WORKING DATA:
▬▬▬▬▬▬

lemma rat_map_degree_common_factor:
  fixes D Q :: "complex poly poly"
  assumes "D \<noteq> 0" and "Q \<noteq> 0" and "rat_map_reduced Ps Q"
  shows "rat_map_degree (map ((*) D) Ps) (D * Q) = Max (tdeg ` set (Q # Ps))"
  using assms by (intro rat_map_degree_eqI) (auto simp: ac_simps)

lemma G3_Q_coeffs:
  "G3_Q e s = (let E = complex_of_real e; S = complex_of_real s in
     [: [:256*E, 0, 64:], [:-32*\<i>, -192*\<i>*E*S, 32*\<i>*E:], [:-(17*E + 144*S^2), 24*S:], [:\<i>:] :])"
  by (rule poly_poly_eqI)
    (simp add: G3_Q_def Zv_def Wv_def cst_def Let_def algebra_simps power2_eq_square power3_eq_cube)

lemma G3_Q_nonzero: "e \<noteq> 0 \<Longrightarrow> G3_Q e s \<noteq> 0"
  by (simp add: G3_Q_coeffs Let_def)

lemma lead_coeff_G3_Q: "lead_coeff (G3_Q e s) = [:\<i>:]"
  by (simp add: G3_Q_coeffs Let_def)

lemma G3_Q_at_z0:
  "poly (poly (G3_Q e s) [:w:]) 0 =
     256*e - 32*\<i>*w - (17*e + 144*s^2)*w^2 + \<i>*w^3"
  by (simp add: G3_Q_coeffs Let_def algebra_simps power2_eq_square power3_eq_cube)

lemma G3_P2_at_z0: "poly (poly (G3_P2 e s) [:w:]) 0 = -(w^2 * (16 + \<i>*e*w))"
  by (simp add: G3_P2_def Zv_def Wv_def cst_def Let_def algebra_simps power2_eq_square power3_eq_cube)

lemma three_le_tdeg_G3_P1: "3 \<le> tdeg (G3_P1 e s)"
proof -
  have "poly (G3_P1 e s) 0 = [:0, 256*complex_of_real e, 0, 64:]"
    by (rule poly_eq_poly_eq_iff[THEN iffD1], rule ext)
      (simp add: G3_P1_def Zv_def Wv_def cst_def Let_def algebra_simps power2_eq_square power3_eq_cube)
  then show ?thesis
    using tdeg_ge[of "G3_P1 e s" 0] by (simp add: poly_0_coeff_0)
qed

lemma G3_Q_P2_common_root_at_z0:
  assumes "e \<in> {1, -1}"
    and Q: "poly (poly (G3_Q e s) [:w:]) 0 = 0" and P2: "poly (poly (G3_P2 e s) [:w:]) 0 = 0"
  shows "e + 4 * s^2 = 0"
proof -
  define E S where "E = complex_of_real e" and "S = complex_of_real s"
  have E2: "E * E = 1"
    using assms(1) unfolding E_def by auto
  have Q': "256*E - 32*\<i>*w - (17*E + 144*S^2)*w^2 + \<i>*w^3 = 0"
    using Q unfolding G3_Q_at_z0 E_def S_def .
  have "w \<noteq> 0"
    using Q' E2 by auto
  moreover have "w^2 * (16 + \<i>*E*w) = 0"
    using P2 unfolding G3_P2_at_z0 E_def[symmetric] by simp
  ultimately have "\<i> * (E * w) = -16"
    by (simp add: mult.assoc add_eq_0_iff)
  then have "E * w = 16 * \<i>"
    by (metis (no_types) complex_i_not_zero minus_mult_minus mult_minus1 i_squared
        mult.assoc mult_cancel_left mult.commute)
  then have "w = 16 * \<i> * E"
    using E2 by (metis mult.assoc mult.commute mult_1)
  then have "768*E + 8448*E*(E*E) + 36864*S^2*(E*E) = 0"
    using Q' by (simp add: algebra_simps power2_eq_square power3_eq_cube)
  then have "9216 * (E + 4 * S^2) = 0"
    unfolding E2 by (simp add: algebra_simps)
  moreover have "complex_of_real (9216 * (e + 4 * s^2)) = 9216 * (E + 4 * S^2)"
    unfolding E_def S_def by simp
  ultimately show ?thesis
    by (simp only: of_real_eq_0_iff) simp
qed

lemma sign_plus_four_square_eq_0:
  fixes e s :: real
  assumes "e \<in> {1, -1}" and "s \<ge> 0" and "e + 4 * s^2 = 0"
  shows "e = -1 \<and> s = 1/2"
proof -
  have "e = -1"
    using assms(1,3) by (auto simp: add_nonneg_eq_0_iff)
  then have "(2*s - 1) * (2*s + 1) = 0"
    using assms(3) by (simp add: algebra_simps power2_eq_square)
  then show ?thesis
    using \<open>e = -1\<close> assms(2) by auto
qed

lemma G3_reduced:
  assumes "e \<in> {1, -1}" and "e + 4 * s^2 \<noteq> 0"
  shows "rat_map_reduced [G3_P1 e s, G3_P2 e s, G3_P3 e s] (G3_Q e s)"
  unfolding rat_map_reduced_def
proof (intro allI impI)
  fix d
  assume "d dvd G3_Q e s \<and> (\<forall>p\<in>set [G3_P1 e s, G3_P2 e s, G3_P3 e s]. d dvd p)"
  then have "d dvd G3_Q e s" and "d dvd G3_P2 e s"
    by auto
  moreover have "poly (poly (G3_P2 e s) [:w:]) 0 \<noteq> 0" if "poly (poly (G3_Q e s) [:w:]) 0 = 0" for w
    using G3_Q_P2_common_root_at_z0[OF assms(1) that] assms(2) by blast
  ultimately show "is_unit d"
    using is_unit_common_divisor[OF _ _ lead_coeff_G3_Q] by simp
qed

text \<open>
  For \<open>\<epsilon> = -1, s = 1/2\<close>: \<open>D = iw + 8z - 16\<close>, \<open>Q = D (w\<^sup>2 + (3i - 4iz)w + 8z + 16)\<close>,
  \<open>P\<^sub>1 = D (2w\<^sup>2 - 5izw + 8z\<^sup>2 + 16z)\<close>, \<open>P\<^sub>2 = D (w\<^sup>2 + 16z\<^sup>2)\<close>, \<open>P\<^sub>3 = D w (3iw + 8z + 16)\<close>.
\<close>

definition G3_factor :: "complex poly poly" where "G3_factor = [: [:-16, 8:], [:\<i>:] :]"
definition G3_Q_red :: "complex poly poly" where "G3_Q_red = [: [:16, 8:], [:3*\<i>, -4*\<i>:], [:1:] :]"
definition G3_P1_red :: "complex poly poly" where "G3_P1_red = [: [:0, 16, 8:], [:0, -5*\<i>:], [:2:] :]"
definition G3_P2_red :: "complex poly poly" where "G3_P2_red = [: [:0, 0, 16:], 0, [:1:] :]"
definition G3_P3_red :: "complex poly poly" where "G3_P3_red = [: 0, [:16, 8:], [:3*\<i>:] :]"

lemma G3_special_factorization:
  "G3_Q (-1) (1/2) = G3_factor * G3_Q_red"
  "G3_P1 (-1) (1/2) = G3_factor * G3_P1_red"
  "G3_P2 (-1) (1/2) = G3_factor * G3_P2_red"
  "G3_P3 (-1) (1/2) = G3_factor * G3_P3_red"
  by (rule poly_poly_eqI,
      simp add: G3_Q_def G3_P1_def G3_P2_def G3_P3_def Zv_def Wv_def cst_def Let_def
        G3_factor_def G3_Q_red_def G3_P1_red_def G3_P2_red_def G3_P3_red_def,
      simp add: algebra_simps power2_eq_square power3_eq_cube)+

lemma G3_special_reduced: "rat_map_reduced [G3_P1_red, G3_P2_red, G3_P3_red] G3_Q_red"
  unfolding rat_map_reduced_def
proof (intro allI impI)
  fix d
  assume "d dvd G3_Q_red \<and> (\<forall>p\<in>set [G3_P1_red, G3_P2_red, G3_P3_red]. d dvd p)"
  then have "d dvd G3_Q_red" and "d dvd G3_P2_red"
    by auto
  moreover have "lead_coeff G3_Q_red = [:1:]"
    by (simp add: G3_Q_red_def)
  moreover have "poly (poly G3_P2_red [:w:]) 0 \<noteq> 0" if "poly (poly G3_Q_red [:w:]) 0 = 0" for w
    using that by (auto simp: G3_Q_red_def G3_P2_red_def)
  ultimately show "is_unit d"
    using is_unit_common_divisor[of d G3_Q_red G3_P2_red 1] by simp
qed

lemma G3_special_tdeg: "Max (tdeg ` set [G3_Q_red, G3_P1_red, G3_P2_red, G3_P3_red]) = 2"
proof (rule antisym)
  show "Max (tdeg ` set [G3_Q_red, G3_P1_red, G3_P2_red, G3_P3_red]) \<le> 2"
    unfolding G3_Q_red_def G3_P1_red_def G3_P2_red_def G3_P3_red_def
    by (auto intro!: tdeg_pCons3_le)
  have "2 \<le> tdeg G3_Q_red"
    using tdeg_ge[of G3_Q_red 2] by (simp add: G3_Q_red_def numeral_2_eq_2)
  then show "2 \<le> Max (tdeg ` set [G3_Q_red, G3_P1_red, G3_P2_red, G3_P3_red])"
    by (simp add: le_max_iff_disj)
qed

theorem lemma4p2:
  fixes e s :: real
  assumes "e \<in> {1, -1}" and "s \<ge> 0"
  shows "rat_map_degree [G3_P1 e s, G3_P2 e s, G3_P3 e s] (G3_Q e s) = 2
         \<longleftrightarrow> e = -1 \<and> s = 1/2"
proof
  assume "e = -1 \<and> s = 1/2"
  then have "[G3_P1 e s, G3_P2 e s, G3_P3 e s] = map ((*) G3_factor) [G3_P1_red, G3_P2_red, G3_P3_red]"
    and "G3_Q e s = G3_factor * G3_Q_red"
    by (simp_all only: G3_special_factorization list.map)
  moreover have "G3_factor \<noteq> 0" and "G3_Q_red \<noteq> 0"
    by (simp_all add: G3_factor_def G3_Q_red_def)
  ultimately show "rat_map_degree [G3_P1 e s, G3_P2 e s, G3_P3 e s] (G3_Q e s) = 2"
    using rat_map_degree_common_factor[OF _ _ G3_special_reduced] G3_special_tdeg by simp
next
  assume deg2: "rat_map_degree [G3_P1 e s, G3_P2 e s, G3_P3 e s] (G3_Q e s) = 2"
  show "e = -1 \<and> s = 1/2"
  proof (rule ccontr)
    assume "\<not> (e = -1 \<and> s = 1/2)"
    then have "rat_map_reduced [G3_P1 e s, G3_P2 e s, G3_P3 e s] (G3_Q e s)"
      using G3_reduced sign_plus_four_square_eq_0 assms by blast
    moreover have "G3_Q e s \<noteq> 0"
      using assms(1) G3_Q_nonzero by auto
    ultimately have "rat_map_degree [G3_P1 e s, G3_P2 e s, G3_P3 e s] (G3_Q e s)
        = Max (tdeg ` set [G3_Q e s, G3_P1 e s, G3_P2 e s, G3_P3 e s])"
      by (simp add: rat_map_degree_reduced)
    also have "\<dots> \<ge> tdeg (G3_P1 e s)"
      by simp
    finally show False
      using deg2 three_le_tdeg_G3_P1[of e s] by linarith
  qed
qed

end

▬▬▬▬▬▬

EXERCISE: Reply with one number, the count of lines in the preceding listing that hold the string "unfolding".

SOLUTION: 8